The report said costlier energy imports and weaker exports amid global trade disruptions are likely to put pressure on India's external balance during the current fiscal year.
"We expect the CAD to widen to 2.2 per cent of GDP this fiscal, up from 0.6 per cent last fiscal. Costlier crude oil, natural gas and fertilisers will crank up India's import bill significantly this fiscal, while exports are heading for a decline due to global trade disruptions and weakening demand," the report stated.
Crisil also highlighted risks to remittance inflows from West Asia due to the ongoing conflict in the region. According to the report, around 38 per cent of India's total remittances originate from Gulf countries, making them vulnerable to any prolonged disruption.
However, the report noted that a healthy services trade surplus is expected to provide some cushion against the widening current account deficit.
India's current account balance had improved in the fourth quarter of fiscal 2026, recording a surplus of USD 7.1 billion, equivalent to 0.7 per cent of GDP. This marked a significant improvement from a deficit of USD 15.5 billion in the third quarter of the fiscal year.
Despite the return to surplus, the report noted that the latest quarterly surplus was nearly half of the USD 13.7 billion surplus, or 1.4 per cent of GDP, recorded in the corresponding quarter of the previous fiscal year.
The lower surplus was largely due to a sharp rise in the goods trade deficit. According to Crisil, the goods trade deficit widened to USD 83.4 billion in the fourth quarter of fiscal 2026 from USD 59.3 billion in the same period of the previous fiscal.
Imports increased to USD 196.6 billion from USD 175.8 billion a year earlier, while exports declined slightly to USD 113.1 billion from USD 116.5 billion. The report said exports were also impacted to some extent by the West Asia conflict.
At the same time, a stronger services trade surplus provided support to the external account. The services trade surplus rose to USD 60.4 billion in the fourth quarter of fiscal 2026 compared with USD 53.3 billion in the corresponding period of the previous fiscal.
On a cumulative basis, India's current account deficit stood at USD 25.2 billion in fiscal 2026 compared with USD 22.9 billion in fiscal 2025. However, as a percentage of GDP, it remained stable at 0.6 per cent.
The report noted that the widening goods trade deficit, which increased to 8.0 per cent of GDP from 7.5 per cent, was offset by a rise in the services trade surplus to 5.1 per cent of GDP from 4.9 per cent.

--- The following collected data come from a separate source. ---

(* Let $n$ be an odd integer. If an edge-coloring of a complete graph contains no rainbow $n$-cycle, then it contains no rainbow $m$-cycle for every integer $m \ge n^3/2$.
   Context: A coloring is an arbitrary (not necessarily proper) assignment of colors, from an arbitrary set, to the edges of an undirected complete graph; the graph may be finite or infinite. A rainbow $n$-cycle is a cycle through $n$ distinct vertices whose $n$ edges all receive pairwise distinct colors. *)

theory Defs
  imports Main
begin

text \<open>An edge-coloring of the complete graph on vertex type 'v is any function c from
  edges (two-element vertex sets) to colours; only its values on sets {u,v} with u \<noteq> v matter.\<close>

definition rainbow_cycle :: "('v set \<Rightarrow> 'c) \<Rightarrow> nat \<Rightarrow> 'v list \<Rightarrow> bool" where
  "rainbow_cycle c n vs \<longleftrightarrow>
     n \<ge> 3 \<and> length vs = n \<and> distinct vs \<and>
     inj_on (\<lambda>i. c {vs ! i, vs ! ((i + 1) mod n)}) {..<n}"

definition has_rainbow_cycle :: "('v set \<Rightarrow> 'c) \<Rightarrow> nat \<Rightarrow> bool" where
  "has_rainbow_cycle c n \<longleftrightarrow> (\<exists>vs. rainbow_cycle c n vs)"

end

theory Submission
  imports Defs
begin

text \<open>Let v_0, ..., v_(L-1) be a rainbow cycle. If there is no rainbow (k+1)-cycle, the colour
  of a chord v_b v_(b+k) must occur on the arc v_b ... v_(b+k), since otherwise the arc closed by
  the chord would be one. Applying this to both arcs cut off by a single chord shows that the
  lengths p admitting no rainbow p-cycle are closed under (p, q) \<mapsto> p + q - 2.

  For n = 2a+1 and L = na consider the chords v_(ja) v_((j+2)a). The colour of each of them occurs
  on the first or on the second half of its arc. If chord j takes its colour from the first half,
  so does chord j+1: otherwise the two crossing chords close a rainbow (L-2a+2)-cycle, a length
  already excluded by additivity. By periodicity all chords take their colours from the same
  half, so these colours are distinct, and the star polygon v_0 v_(2a) v_(4a) ... is a rainbow
  n-cycle. Hence length na is excluded as well. The excluded lengths minus 2 thus form an
  additive semigroup containing n-2 and na-2, where na-2 is -1 modulo n-2; such a semigroup
  contains every number from (n-2)(na-2) on, and this bound is below n^3/2 - 2.\<close>

lemma inj_on_mod_interval: "inj_on (\<lambda>x::nat. x mod L) {b..<b + L}"
proof (rule inj_onI)
  have close: "x = y" if le: "x \<le> y" and less: "y < x + L" and eq: "x mod L = y mod L" for x y :: nat
  proof -
    obtain s where s: "y = x + L * s" using eq le by (rule mod_eq_nat2E)
    with less have "L * s < L * 1" by simp
    then have "s = 0" by (simp only: mult_less_cancel1) simp
    with s show ?thesis by simp
  qed
  fix x y assume "x \<in> {b..<b + L}" "y \<in> {b..<b + L}" "x mod L = y mod L"
  then show "x = y" using close[of x y] close[of y x] by (cases "x \<le> y") auto
qed

lemma inj_on_double_mod:
  fixes n :: nat
  assumes "odd n"
  shows "inj_on (\<lambda>i. 2 * i mod n) {..<n}"
proof (rule inj_onI)
  define h where "h = (n + 1) div 2"
  have halve: "i mod n = h * (2 * i mod n) mod n" for i
  proof -
    have "2 * h = n + 1" using assms unfolding h_def by simp
    then have "h * (2 * i) = i + n * i" by (metis mult.assoc mult.commute mult_Suc_right Suc_eq_plus1)
    then show ?thesis by (simp add: mod_mult_right_eq)
  qed
  fix i j assume "i \<in> {..<n}" "j \<in> {..<n}" "2 * i mod n = 2 * j mod n"
  then show "i = j" using halve[of i] halve[of j] by simp
qed

lemma nat_combination_of_dvd_Suc:
  fixes d e x :: nat
  assumes "0 < d" and "d dvd e + 1" and "d * e \<le> x"
  shows "\<exists>i j. x = (i + 1) * e + j * d"
proof -
  define i where "i = d - 1 - x mod d"
  have x_mod: "x mod d < d" using assms(1) by simp
  then have i_eq: "i + 1 = d - x mod d" unfolding i_def by linarith
  have "x + (i + 1) = x div d * d + d" using i_eq x_mod div_mult_mod_eq[of x d] by linarith
  then have "d dvd x + (i + 1)" by simp
  moreover have "d dvd (i + 1) * (e + 1)" using assms(2) by (rule dvd_mult)
  then have "d dvd (i + 1) * e + (i + 1)" by (simp add: algebra_simps)
  ultimately have "d dvd (x + (i + 1)) - ((i + 1) * e + (i + 1))" by (rule dvd_diff_nat)
  then have "d dvd x - (i + 1) * e" by simp
  then obtain j where "x - (i + 1) * e = d * j" by (rule dvdE)
  moreover have "(i + 1) * e \<le> x" using i_eq assms(3) by (metis diff_le_self mult_le_mono1 order_trans)
  ultimately have "x = (i + 1) * e + d * j" by linarith
  then show ?thesis by (metis mult.commute)
qed

lemma has_rainbow_cycleI:
  assumes "3 \<le> M" and "inj_on w {..<M}"
    and "inj_on (\<lambda>i. c {w i, w ((i + 1) mod M)}) {..<M}"
  shows "has_rainbow_cycle c M"
proof -
  let ?ws = "map w [0..<M]"
  have "M > 0" using assms(1) by simp
  then have "inj_on (\<lambda>i. c {?ws ! i, ?ws ! ((i + 1) mod M)}) {..<M}
    \<longleftrightarrow> inj_on (\<lambda>i. c {w i, w ((i + 1) mod M)}) {..<M}"
    by (intro inj_on_cong) simp
  then have "inj_on (\<lambda>i. c {?ws ! i, ?ws ! ((i + 1) mod M)}) {..<M}" using assms(3) by simp
  moreover have "distinct ?ws" using assms(2) by (simp add: distinct_map atLeast0LessThan)
  ultimately have "rainbow_cycle c M ?ws" using assms(1) unfolding rainbow_cycle_def by simp
  then show ?thesis unfolding has_rainbow_cycle_def ..
qed

locale host_cycle =
  fixes c :: "'v set \<Rightarrow> 'c" and L :: nat and vs :: "'v list"
  assumes rainbow: "rainbow_cycle c L vs"
begin

definition node :: "nat \<Rightarrow> 'v" where
  "node t = vs ! (t mod L)"

definition edge_colour :: "nat \<Rightarrow> 'c" where
  "edge_colour t = c {node t, node (t + 1)}"

lemma L_ge_3: "3 \<le> L"
  using rainbow by (simp add: rainbow_cycle_def)

lemma node_eq_iff: "node x = node y \<longleftrightarrow> x mod L = y mod L"
  using rainbow L_ge_3 unfolding node_def rainbow_cycle_def by (simp add: nth_eq_iff_index_eq)

lemma edge_colour_eq_iff: "edge_colour x = edge_colour y \<longleftrightarrow> x mod L = y mod L"
proof -
  have L_pos: "0 < L" using L_ge_3 by simp
  have colour: "edge_colour t = c {vs ! (t mod L), vs ! ((t mod L + 1) mod L)}" for t
    unfolding edge_colour_def node_def by (simp add: mod_Suc_eq)
  have "inj_on (\<lambda>i. c {vs ! i, vs ! ((i + 1) mod L)}) {..<L}"
    using rainbow by (simp add: rainbow_cycle_def)
  then have "edge_colour x = edge_colour y \<Longrightarrow> x mod L = y mod L"
    unfolding colour by (rule inj_onD) (simp_all add: L_pos)
  then show ?thesis unfolding colour by auto
qed

lemma node_add_L [simp]: "node (t + L) = node t"
  by (simp add: node_def)

lemma node_add_mult_L [simp]: "node (t + k * L) = node t"
  by (simp add: node_def)

lemma edge_colour_add_mult_L [simp]: "edge_colour (t + k * L) = edge_colour t"
  by (simp add: edge_colour_eq_iff)

lemma edge_colour_image_shift: "edge_colour ` {x + k * L..<y + k * L} = edge_colour ` {x..<y}"
proof -
  have "edge_colour ` {x + k * L..<y + k * L} = edge_colour ` (\<lambda>t. t + k * L) ` {x..<y}"
    by (simp only: image_add_atLeastLessThan')
  also have "\<dots> = edge_colour ` {x..<y}"
    by (simp only: image_image edge_colour_add_mult_L)
  finally show ?thesis .
qed

lemma inj_on_node: "inj_on node {b..<b + L}"
  using inj_on_mod_interval unfolding inj_on_def node_eq_iff .

lemma inj_on_edge_colour: "inj_on edge_colour {b..<b + L}"
  using inj_on_mod_interval unfolding inj_on_def edge_colour_eq_iff .

lemma has_rainbow_cycle_through_nodes:
  assumes "3 \<le> M" and "inj_on \<tau> {..<M}" and "\<tau> ` {..<M} \<subseteq> {b..<b + L}"
    and "inj_on (\<lambda>i. c {node (\<tau> i), node (\<tau> ((i + 1) mod M))}) {..<M}"
  shows "has_rainbow_cycle c M"
proof (rule has_rainbow_cycleI[where w = "node \<circ> \<tau>"])
  have "inj_on node (\<tau> ` {..<M})" using inj_on_node assms(3) by (rule inj_on_subset)
  with assms(2) show "inj_on (node \<circ> \<tau>) {..<M}" by (rule comp_inj_on)
qed (use assms in simp_all)

lemma inj_on_through_edge_colours:
  assumes "\<And>i. i < M \<Longrightarrow> f i = edge_colour (\<sigma> i)"
    and "inj_on \<sigma> {..<M}" and "\<sigma> ` {..<M} \<subseteq> {b..<b + L}"
  shows "inj_on f {..<M}"
proof -
  have "inj_on edge_colour (\<sigma> ` {..<M})" using inj_on_edge_colour assms(3) by (rule inj_on_subset)
  with assms(2) have "inj_on (edge_colour \<circ> \<sigma>) {..<M}" by (rule comp_inj_on)
  then show ?thesis by (rule inj_on_cong[THEN iffD1, rotated]) (simp add: assms(1))
qed

lemma chord_colour_in_short_arc:
  assumes "2 \<le> k" and "k < L" and "\<not> has_rainbow_cycle c (k + 1)"
  shows "c {node b, node (b + k)} \<in> edge_colour ` {b..<b + k}"
proof (rule ccontr)
  assume chord: "c {node b, node (b + k)} \<notin> edge_colour ` {b..<b + k}"
  define f where "f i = c {node (b + i), node (b + (i + 1) mod (k + 1))}" for i
  have f_arc: "f i = edge_colour (b + i)" if "i < k" for i
    using that unfolding f_def edge_colour_def by simp
  have "f ` {..<k} \<subseteq> edge_colour ` {b..<b + k}" using f_arc by auto
  moreover have "f k \<notin> edge_colour ` {b..<b + k}"
    using chord unfolding f_def by (simp add: insert_commute)
  ultimately have "f k \<notin> f ` {..<k}" by (rule contra_subsetD)
  moreover have "inj_on f {..<k}"
    by (rule inj_on_through_edge_colours[where b = b, OF f_arc]) (use assms(2) in auto)
  ultimately have "inj_on f {..<k + 1}" by (simp add: lessThan_Suc)
  then have "has_rainbow_cycle c (k + 1)"
    unfolding f_def using assms(1,2)
    by (intro has_rainbow_cycle_through_nodes[where \<tau> = "\<lambda>i. b + i" and b = b]) auto
  with assms(3) show False ..
qed

lemma chord_colour_in_long_arc:
  assumes "2 \<le> k" and "k + 2 \<le> L" and "\<not> has_rainbow_cycle c (L - k + 1)"
  shows "c {node b, node (b + k)} \<in> edge_colour ` {b + k..<b + L}"
proof -
  have "c {node (b + k), node (b + k + (L - k))} \<in> edge_colour ` {b + k..<b + k + (L - k)}"
    by (rule chord_colour_in_short_arc) (use assms in auto)
  moreover have "b + k + (L - k) = b + L" using assms(2) by simp
  ultimately show ?thesis by (simp add: insert_commute)
qed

Crisil further pointed out that secondary income, which largely comprises remittances, rose to 3.4 per cent of GDP in fiscal 2026 from 3.2 per cent in fiscal 2025, but said this component would need close monitoring given that nearly 38 per cent of remittances come from West Asia.
— ANI
Reader Comments
Interesting perspective from Crisil. The 2.2% CAD isn't catastrophic yet but definitely a red flag. India's remittance dependence on Gulf countries (38%!) is a huge vulnerability with the ongoing conflict. Hopefully the services surplus continues to grow.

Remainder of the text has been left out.